→ WHAT YOU WILL DO:
Using the material below, print the line that contains "c) = 1) \<and>", the line that contains "(nat \<Rightarrow> real) \<Rightarrow>", and every line in between, exactly and nothing else.
*** Opening RECORDS PROVIDED ***
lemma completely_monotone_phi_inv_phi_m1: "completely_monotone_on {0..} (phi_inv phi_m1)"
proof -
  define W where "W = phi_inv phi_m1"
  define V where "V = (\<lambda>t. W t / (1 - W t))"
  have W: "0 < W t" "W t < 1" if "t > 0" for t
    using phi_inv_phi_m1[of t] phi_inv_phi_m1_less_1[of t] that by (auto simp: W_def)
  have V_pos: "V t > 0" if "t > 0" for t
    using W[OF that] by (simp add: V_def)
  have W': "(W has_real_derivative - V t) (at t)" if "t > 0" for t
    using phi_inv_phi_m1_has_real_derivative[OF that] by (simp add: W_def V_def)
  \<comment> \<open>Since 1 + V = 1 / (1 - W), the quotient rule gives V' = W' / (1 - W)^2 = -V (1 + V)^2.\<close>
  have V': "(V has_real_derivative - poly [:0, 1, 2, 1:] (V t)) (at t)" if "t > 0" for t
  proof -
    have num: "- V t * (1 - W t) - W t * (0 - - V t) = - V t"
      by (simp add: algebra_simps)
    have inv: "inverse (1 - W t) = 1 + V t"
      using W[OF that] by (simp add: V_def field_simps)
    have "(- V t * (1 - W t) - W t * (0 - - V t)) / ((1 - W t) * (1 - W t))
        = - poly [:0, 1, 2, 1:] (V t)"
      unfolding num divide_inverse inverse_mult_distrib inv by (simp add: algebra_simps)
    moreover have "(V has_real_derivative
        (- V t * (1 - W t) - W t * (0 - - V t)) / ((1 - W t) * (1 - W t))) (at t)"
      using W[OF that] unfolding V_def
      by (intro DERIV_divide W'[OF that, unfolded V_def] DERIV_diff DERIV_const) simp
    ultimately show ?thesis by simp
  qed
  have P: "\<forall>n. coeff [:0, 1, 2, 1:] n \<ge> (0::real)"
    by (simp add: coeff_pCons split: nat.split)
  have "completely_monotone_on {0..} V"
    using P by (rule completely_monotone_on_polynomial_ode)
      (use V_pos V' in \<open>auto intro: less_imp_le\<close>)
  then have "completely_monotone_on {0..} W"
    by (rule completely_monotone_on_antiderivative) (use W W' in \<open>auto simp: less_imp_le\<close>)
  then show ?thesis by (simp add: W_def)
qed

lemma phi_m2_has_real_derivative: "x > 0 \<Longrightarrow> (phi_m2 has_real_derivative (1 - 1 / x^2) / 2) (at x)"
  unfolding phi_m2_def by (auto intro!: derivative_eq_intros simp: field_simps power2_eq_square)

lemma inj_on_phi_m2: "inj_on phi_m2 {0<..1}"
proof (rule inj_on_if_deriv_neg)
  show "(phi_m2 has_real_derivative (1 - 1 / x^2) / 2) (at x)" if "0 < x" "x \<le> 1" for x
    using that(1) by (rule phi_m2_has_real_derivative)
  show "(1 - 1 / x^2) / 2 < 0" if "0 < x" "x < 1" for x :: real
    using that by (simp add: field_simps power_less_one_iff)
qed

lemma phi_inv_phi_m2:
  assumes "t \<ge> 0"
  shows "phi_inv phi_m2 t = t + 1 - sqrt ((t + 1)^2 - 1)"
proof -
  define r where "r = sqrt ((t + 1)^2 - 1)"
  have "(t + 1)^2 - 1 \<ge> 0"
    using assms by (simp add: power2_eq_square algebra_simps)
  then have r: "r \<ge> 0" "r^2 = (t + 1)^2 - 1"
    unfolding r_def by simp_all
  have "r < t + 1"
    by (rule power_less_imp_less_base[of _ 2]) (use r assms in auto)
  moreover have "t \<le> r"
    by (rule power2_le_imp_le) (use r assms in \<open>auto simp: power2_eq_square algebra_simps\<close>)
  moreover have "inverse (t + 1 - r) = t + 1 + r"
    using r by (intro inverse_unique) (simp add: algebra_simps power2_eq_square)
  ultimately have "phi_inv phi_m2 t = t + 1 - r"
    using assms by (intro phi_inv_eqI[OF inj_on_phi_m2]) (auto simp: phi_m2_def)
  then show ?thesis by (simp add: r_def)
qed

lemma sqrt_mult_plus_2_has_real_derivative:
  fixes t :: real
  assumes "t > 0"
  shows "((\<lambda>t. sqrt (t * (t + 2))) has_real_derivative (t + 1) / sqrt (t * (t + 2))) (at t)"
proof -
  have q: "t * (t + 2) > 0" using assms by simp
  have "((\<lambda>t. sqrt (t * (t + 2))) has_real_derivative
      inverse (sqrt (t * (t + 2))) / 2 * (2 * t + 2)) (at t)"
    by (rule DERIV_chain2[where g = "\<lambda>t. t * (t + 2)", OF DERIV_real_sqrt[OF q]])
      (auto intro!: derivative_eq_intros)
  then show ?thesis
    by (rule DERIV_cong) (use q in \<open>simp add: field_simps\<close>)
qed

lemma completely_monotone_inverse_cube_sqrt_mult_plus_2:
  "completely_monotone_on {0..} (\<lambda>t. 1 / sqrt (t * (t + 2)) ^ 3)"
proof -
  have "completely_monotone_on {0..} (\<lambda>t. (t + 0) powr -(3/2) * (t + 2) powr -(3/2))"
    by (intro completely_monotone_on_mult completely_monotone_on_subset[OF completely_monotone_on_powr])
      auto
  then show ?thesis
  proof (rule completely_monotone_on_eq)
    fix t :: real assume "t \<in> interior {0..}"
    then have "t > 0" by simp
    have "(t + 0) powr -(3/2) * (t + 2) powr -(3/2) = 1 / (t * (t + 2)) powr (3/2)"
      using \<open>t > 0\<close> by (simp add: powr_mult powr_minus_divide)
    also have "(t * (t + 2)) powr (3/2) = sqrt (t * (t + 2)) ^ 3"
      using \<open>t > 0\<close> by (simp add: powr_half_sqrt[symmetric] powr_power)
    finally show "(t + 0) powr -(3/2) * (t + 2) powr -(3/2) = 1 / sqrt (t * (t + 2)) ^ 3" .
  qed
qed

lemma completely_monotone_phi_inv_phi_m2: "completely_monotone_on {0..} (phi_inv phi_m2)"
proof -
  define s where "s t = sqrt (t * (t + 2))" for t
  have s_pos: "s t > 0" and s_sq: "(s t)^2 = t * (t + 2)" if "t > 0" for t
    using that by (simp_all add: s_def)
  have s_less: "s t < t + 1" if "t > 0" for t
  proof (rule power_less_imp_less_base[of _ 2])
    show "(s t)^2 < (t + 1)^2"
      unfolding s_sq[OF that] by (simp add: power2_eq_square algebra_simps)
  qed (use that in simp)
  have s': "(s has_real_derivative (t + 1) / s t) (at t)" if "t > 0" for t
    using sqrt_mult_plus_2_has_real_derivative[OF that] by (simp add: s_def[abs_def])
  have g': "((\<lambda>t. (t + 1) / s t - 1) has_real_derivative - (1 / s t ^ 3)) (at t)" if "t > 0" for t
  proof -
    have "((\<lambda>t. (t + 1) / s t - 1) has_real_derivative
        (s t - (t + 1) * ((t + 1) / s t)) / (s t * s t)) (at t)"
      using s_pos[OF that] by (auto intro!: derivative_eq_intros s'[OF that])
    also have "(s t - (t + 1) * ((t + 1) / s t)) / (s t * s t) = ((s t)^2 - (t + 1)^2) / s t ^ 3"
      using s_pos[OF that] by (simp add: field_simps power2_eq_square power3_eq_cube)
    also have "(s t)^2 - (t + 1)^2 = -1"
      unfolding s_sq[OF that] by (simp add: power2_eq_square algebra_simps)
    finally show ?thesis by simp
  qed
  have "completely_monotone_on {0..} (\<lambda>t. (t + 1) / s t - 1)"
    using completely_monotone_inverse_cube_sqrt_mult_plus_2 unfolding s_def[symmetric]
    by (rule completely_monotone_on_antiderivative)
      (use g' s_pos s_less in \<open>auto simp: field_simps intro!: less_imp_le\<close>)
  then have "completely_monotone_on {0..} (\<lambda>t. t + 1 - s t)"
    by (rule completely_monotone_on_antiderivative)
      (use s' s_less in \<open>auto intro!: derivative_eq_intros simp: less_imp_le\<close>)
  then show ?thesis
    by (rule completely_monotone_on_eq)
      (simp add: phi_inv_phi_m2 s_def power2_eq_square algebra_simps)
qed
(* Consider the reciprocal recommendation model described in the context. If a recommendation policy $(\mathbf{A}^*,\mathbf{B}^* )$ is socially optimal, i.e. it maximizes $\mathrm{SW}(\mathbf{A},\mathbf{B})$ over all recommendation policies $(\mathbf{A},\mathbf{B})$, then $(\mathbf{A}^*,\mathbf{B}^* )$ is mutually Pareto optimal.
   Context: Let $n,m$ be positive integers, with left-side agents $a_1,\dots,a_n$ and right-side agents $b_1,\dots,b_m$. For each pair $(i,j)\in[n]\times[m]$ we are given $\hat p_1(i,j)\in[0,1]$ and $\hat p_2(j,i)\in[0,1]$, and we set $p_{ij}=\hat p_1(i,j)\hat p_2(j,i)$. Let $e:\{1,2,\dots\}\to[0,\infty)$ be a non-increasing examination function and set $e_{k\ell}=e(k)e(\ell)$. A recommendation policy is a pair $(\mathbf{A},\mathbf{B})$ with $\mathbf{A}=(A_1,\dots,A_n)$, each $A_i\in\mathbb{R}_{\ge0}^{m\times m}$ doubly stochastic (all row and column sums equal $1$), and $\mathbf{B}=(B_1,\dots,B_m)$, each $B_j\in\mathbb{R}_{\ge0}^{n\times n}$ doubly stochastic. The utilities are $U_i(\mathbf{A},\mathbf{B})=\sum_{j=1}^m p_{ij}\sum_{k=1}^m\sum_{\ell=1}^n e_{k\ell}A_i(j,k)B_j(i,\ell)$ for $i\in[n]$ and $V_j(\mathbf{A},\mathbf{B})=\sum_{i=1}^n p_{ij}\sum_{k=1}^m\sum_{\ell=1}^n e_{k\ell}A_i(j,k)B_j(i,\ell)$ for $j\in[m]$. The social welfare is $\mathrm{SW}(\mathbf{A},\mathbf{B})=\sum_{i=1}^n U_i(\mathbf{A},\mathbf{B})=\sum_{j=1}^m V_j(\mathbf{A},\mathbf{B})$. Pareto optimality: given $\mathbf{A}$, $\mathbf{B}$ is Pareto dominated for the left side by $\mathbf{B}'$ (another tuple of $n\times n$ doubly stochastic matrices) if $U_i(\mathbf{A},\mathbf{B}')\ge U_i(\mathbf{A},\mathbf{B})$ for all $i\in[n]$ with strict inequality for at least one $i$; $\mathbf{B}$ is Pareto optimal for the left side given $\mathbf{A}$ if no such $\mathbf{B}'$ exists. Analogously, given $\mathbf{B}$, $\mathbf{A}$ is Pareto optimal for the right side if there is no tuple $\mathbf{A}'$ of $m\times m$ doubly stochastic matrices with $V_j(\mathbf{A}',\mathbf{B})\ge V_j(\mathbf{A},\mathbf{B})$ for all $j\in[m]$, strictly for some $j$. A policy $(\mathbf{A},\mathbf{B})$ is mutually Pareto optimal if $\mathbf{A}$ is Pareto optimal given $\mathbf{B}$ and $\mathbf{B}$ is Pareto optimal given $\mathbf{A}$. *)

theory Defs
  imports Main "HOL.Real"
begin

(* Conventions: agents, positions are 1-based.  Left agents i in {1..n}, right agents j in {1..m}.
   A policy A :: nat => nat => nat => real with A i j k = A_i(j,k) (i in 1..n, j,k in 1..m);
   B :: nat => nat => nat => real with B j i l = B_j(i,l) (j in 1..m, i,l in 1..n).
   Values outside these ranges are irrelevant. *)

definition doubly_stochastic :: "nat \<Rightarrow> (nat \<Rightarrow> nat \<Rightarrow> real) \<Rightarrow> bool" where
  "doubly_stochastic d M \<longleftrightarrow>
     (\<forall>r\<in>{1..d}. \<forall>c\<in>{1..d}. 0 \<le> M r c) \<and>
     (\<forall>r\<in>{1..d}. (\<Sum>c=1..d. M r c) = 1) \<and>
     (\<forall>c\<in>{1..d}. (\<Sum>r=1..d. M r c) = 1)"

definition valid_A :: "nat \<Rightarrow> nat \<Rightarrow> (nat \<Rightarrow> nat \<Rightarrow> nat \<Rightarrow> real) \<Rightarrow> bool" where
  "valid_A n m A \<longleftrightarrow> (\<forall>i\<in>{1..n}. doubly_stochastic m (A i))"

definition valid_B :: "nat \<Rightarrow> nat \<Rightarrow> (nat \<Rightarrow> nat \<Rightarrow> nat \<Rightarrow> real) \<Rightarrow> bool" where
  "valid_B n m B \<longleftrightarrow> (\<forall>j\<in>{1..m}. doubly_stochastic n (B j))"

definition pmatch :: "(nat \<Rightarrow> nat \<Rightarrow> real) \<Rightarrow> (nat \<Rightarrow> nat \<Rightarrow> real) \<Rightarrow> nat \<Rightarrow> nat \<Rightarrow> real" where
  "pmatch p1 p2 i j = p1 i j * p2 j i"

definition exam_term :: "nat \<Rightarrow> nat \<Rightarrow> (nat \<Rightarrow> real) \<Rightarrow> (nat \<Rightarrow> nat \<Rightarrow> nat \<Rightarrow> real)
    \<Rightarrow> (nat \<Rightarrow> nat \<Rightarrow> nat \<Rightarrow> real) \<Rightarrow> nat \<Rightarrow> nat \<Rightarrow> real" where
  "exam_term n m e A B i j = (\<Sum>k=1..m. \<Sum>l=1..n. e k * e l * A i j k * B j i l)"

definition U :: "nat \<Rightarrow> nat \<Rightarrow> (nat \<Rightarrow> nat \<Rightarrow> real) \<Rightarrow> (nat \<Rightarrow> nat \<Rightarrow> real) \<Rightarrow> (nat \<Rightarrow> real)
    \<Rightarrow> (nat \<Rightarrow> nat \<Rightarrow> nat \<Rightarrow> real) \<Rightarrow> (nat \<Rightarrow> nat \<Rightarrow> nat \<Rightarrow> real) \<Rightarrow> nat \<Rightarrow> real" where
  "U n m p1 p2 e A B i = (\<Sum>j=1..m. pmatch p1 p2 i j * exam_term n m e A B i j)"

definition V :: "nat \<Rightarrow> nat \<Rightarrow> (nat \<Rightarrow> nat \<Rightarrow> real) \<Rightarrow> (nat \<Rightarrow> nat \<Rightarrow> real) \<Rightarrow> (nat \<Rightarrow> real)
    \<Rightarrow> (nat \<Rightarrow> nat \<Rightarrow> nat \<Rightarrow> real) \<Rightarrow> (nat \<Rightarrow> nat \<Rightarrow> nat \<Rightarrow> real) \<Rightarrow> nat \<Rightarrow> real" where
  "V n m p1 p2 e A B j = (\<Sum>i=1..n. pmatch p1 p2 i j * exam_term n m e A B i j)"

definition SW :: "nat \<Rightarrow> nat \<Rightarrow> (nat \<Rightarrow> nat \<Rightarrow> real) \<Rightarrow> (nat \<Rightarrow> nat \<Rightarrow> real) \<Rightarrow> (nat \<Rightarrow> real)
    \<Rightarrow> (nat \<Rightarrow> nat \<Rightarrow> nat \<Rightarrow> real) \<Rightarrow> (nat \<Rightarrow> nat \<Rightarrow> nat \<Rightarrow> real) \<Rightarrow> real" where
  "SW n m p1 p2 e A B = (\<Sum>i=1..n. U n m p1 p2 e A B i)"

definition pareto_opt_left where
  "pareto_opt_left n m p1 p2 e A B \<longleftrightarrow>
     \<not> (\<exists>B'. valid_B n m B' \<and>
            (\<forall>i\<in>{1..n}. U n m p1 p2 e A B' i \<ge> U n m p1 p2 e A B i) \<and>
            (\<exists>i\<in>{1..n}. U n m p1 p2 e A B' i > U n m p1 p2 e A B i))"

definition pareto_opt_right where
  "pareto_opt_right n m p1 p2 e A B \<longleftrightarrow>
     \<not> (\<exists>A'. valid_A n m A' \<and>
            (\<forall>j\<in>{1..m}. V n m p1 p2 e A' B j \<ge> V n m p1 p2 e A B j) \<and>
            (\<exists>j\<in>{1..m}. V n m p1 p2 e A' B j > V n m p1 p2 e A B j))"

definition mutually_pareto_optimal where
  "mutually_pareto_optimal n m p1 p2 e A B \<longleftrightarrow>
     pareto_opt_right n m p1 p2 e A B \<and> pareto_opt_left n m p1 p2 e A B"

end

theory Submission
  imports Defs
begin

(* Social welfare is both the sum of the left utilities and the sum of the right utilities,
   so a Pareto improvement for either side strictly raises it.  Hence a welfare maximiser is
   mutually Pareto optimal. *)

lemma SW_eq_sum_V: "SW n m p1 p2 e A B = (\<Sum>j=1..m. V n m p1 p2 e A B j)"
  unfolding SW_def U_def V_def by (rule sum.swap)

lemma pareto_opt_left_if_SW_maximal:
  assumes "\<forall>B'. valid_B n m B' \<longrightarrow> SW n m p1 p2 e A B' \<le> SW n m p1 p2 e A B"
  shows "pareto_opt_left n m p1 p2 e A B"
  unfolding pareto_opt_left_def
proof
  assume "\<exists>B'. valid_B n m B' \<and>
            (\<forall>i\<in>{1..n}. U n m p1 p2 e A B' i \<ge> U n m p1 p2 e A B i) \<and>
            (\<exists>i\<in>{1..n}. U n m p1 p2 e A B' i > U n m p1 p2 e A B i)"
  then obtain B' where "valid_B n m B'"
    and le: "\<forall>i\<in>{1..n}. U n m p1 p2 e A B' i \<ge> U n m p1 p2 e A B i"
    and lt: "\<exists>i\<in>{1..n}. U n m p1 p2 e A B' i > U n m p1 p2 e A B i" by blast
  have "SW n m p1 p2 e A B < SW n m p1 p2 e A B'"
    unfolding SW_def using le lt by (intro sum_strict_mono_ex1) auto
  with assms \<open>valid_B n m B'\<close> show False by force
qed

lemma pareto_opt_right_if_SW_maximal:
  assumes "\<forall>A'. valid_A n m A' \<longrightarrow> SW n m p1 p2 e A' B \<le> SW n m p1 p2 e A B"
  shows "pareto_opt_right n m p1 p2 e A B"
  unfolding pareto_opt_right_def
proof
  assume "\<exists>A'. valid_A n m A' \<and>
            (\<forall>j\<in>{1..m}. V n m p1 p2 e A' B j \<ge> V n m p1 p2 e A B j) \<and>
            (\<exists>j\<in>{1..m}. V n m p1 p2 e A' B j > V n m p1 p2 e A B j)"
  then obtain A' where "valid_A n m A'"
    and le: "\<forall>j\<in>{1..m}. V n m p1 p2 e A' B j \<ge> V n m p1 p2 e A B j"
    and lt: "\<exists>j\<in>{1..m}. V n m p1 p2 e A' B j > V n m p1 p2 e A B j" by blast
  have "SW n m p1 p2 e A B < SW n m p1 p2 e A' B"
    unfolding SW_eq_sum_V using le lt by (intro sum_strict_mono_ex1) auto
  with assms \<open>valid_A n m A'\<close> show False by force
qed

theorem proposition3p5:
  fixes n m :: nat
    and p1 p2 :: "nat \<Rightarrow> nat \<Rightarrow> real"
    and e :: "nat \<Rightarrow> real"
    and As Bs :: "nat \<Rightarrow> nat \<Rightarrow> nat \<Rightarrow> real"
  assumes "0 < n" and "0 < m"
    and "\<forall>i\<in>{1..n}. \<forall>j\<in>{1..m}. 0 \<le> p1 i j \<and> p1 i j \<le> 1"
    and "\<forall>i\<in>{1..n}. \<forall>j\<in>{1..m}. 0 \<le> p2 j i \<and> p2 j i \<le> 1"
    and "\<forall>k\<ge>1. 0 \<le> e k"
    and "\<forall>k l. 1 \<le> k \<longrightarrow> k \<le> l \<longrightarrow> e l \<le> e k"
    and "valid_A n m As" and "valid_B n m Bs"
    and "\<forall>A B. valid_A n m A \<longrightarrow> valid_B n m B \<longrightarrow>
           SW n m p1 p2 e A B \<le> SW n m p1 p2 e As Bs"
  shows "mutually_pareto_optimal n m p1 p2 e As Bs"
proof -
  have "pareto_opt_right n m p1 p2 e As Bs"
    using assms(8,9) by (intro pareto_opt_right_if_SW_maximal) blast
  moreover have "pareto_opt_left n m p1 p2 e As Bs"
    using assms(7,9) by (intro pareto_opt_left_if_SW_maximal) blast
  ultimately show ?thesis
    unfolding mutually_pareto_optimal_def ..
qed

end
*** Closing RECORDS PROVIDED ***
→ PROBLEM SOLUTION:
     (\<forall>r\<in>{1..d}. (\<Sum>c=1..d. M r c) = 1) \<and>
     (\<forall>c\<in>{1..d}. (\<Sum>r=1..d. M r c) = 1)"

definition valid_A :: "nat \<Rightarrow> nat \<Rightarrow> (nat \<Rightarrow> nat \<Rightarrow> nat \<Rightarrow> real) \<Rightarrow> bool" where
  "valid_A n m A \<longleftrightarrow> (\<forall>i\<in>{1..n}. doubly_stochastic m (A i))"

definition valid_B :: "nat \<Rightarrow> nat \<Rightarrow> (nat \<Rightarrow> nat \<Rightarrow> nat \<Rightarrow> real) \<Rightarrow> bool" where
  "valid_B n m B \<longleftrightarrow> (\<forall>j\<in>{1..m}. doubly_stochastic n (B j))"

definition pmatch :: "(nat \<Rightarrow> nat \<Rightarrow> real) \<Rightarrow> (nat \<Rightarrow> nat \<Rightarrow> real) \<Rightarrow> nat \<Rightarrow> nat \<Rightarrow> real" where
  "pmatch p1 p2 i j = p1 i j * p2 j i"

definition exam_term :: "nat \<Rightarrow> nat \<Rightarrow> (nat \<Rightarrow> real) \<Rightarrow> (nat \<Rightarrow> nat \<Rightarrow> nat \<Rightarrow> real)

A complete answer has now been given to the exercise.